- [Exercise aim]: Nothing beyond the line containing "using C2(1) unfolding" should be printed; print each line exactly from the first line of the listing below through it.
* * *
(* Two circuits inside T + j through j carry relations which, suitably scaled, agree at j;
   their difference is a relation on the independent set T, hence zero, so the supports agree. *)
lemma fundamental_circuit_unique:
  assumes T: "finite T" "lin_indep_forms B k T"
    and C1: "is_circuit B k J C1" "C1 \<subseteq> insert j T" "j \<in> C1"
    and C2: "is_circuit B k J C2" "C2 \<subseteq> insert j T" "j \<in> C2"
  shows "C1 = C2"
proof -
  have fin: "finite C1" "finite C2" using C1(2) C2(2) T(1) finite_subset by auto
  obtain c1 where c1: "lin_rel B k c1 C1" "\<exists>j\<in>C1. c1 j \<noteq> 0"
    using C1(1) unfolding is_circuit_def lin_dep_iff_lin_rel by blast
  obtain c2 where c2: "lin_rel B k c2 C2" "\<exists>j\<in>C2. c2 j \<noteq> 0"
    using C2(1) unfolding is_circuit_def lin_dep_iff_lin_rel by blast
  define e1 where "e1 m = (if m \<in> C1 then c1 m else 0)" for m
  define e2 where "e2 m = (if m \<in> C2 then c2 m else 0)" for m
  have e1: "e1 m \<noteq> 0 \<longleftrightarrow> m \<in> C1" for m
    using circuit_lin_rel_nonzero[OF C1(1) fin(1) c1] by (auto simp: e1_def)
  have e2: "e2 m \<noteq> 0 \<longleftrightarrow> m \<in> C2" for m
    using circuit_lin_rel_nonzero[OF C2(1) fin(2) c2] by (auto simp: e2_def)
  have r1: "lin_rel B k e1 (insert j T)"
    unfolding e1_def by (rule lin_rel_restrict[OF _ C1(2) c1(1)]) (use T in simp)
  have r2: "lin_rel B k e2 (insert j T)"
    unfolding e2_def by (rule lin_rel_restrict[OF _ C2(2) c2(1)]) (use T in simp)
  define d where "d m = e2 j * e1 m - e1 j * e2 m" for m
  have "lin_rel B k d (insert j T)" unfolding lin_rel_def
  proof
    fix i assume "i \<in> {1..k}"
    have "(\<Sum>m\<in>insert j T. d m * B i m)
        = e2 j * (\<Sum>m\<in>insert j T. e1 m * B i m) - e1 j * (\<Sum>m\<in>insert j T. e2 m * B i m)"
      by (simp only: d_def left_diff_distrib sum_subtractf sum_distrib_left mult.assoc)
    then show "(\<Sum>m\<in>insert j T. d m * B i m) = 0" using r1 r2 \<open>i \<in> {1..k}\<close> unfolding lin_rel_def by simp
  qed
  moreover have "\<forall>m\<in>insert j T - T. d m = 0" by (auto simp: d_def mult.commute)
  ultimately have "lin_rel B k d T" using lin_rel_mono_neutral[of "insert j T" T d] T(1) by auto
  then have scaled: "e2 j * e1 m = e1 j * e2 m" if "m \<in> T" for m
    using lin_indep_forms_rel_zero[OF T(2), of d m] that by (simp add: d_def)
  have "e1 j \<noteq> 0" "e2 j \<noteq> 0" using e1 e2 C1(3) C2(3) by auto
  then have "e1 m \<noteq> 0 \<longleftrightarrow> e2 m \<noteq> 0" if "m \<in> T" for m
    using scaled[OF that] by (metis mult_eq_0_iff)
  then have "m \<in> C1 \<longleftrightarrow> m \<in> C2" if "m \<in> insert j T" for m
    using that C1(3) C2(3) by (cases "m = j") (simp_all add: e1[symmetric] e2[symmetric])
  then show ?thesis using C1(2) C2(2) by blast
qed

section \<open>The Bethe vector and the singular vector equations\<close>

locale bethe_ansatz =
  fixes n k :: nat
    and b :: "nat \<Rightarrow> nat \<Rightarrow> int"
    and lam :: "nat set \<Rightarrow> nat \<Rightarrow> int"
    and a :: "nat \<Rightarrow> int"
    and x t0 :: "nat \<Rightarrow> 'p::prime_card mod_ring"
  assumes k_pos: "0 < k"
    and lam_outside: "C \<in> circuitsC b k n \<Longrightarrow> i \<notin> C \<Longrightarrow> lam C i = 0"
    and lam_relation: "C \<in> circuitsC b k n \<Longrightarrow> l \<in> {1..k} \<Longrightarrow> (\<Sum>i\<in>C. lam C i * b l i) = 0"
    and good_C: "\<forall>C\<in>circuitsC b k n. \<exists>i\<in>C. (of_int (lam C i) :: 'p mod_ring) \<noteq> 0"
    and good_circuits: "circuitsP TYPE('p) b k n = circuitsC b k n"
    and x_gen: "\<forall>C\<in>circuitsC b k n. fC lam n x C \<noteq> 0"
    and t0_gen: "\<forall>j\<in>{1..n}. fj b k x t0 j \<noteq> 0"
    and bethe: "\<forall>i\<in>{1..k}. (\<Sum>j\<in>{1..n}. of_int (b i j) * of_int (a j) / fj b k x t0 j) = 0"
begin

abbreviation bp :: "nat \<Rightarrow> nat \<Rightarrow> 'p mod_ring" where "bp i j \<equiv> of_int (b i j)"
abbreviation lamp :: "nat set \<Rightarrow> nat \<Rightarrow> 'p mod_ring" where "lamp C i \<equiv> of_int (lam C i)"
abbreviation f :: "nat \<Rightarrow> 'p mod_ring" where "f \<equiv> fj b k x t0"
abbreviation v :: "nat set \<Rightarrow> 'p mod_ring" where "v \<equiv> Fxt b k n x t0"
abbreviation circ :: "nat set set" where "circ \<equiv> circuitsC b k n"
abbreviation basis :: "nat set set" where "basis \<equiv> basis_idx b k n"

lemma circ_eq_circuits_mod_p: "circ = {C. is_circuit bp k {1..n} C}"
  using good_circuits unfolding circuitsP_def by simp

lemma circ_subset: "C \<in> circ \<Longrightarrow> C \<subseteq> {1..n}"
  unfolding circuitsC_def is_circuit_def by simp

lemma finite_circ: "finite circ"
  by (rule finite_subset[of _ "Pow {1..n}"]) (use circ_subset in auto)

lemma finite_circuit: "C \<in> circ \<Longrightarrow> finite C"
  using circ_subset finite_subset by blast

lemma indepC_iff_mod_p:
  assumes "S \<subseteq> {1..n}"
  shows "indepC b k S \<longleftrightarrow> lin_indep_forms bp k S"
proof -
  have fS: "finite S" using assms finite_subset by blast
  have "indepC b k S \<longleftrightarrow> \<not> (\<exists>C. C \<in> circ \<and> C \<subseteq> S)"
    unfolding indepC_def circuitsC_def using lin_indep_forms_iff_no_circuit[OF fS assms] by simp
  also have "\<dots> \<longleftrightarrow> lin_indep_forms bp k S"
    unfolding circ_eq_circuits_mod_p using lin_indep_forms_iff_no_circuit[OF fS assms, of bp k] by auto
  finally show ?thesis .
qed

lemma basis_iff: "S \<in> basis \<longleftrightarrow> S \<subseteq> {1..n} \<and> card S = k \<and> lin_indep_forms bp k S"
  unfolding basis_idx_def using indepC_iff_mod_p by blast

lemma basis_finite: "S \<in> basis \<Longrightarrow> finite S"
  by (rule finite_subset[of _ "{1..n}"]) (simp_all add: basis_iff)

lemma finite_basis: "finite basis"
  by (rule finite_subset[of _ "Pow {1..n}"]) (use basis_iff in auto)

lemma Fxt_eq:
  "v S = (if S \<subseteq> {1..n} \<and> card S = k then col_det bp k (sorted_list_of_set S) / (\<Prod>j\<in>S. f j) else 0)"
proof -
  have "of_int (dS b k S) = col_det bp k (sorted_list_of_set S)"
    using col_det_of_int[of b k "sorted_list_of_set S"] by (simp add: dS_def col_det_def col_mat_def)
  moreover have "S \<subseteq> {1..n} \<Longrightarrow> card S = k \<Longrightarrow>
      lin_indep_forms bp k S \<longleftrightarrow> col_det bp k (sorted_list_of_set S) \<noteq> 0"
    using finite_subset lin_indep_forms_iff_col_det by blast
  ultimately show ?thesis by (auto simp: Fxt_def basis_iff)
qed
* * *
- [Task result]:
(* Two circuits inside T + j through j carry relations which, suitably scaled, agree at j;
   their difference is a relation on the independent set T, hence zero, so the supports agree. *)
lemma fundamental_circuit_unique:
  assumes T: "finite T" "lin_indep_forms B k T"
    and C1: "is_circuit B k J C1" "C1 \<subseteq> insert j T" "j \<in> C1"
    and C2: "is_circuit B k J C2" "C2 \<subseteq> insert j T" "j \<in> C2"
  shows "C1 = C2"
proof -
  have fin: "finite C1" "finite C2" using C1(2) C2(2) T(1) finite_subset by auto
  obtain c1 where c1: "lin_rel B k c1 C1" "\<exists>j\<in>C1. c1 j \<noteq> 0"
    using C1(1) unfolding is_circuit_def lin_dep_iff_lin_rel by blast
  obtain c2 where c2: "lin_rel B k c2 C2" "\<exists>j\<in>C2. c2 j \<noteq> 0"
    using C2(1) unfolding is_circuit_def lin_dep_iff_lin_rel by blast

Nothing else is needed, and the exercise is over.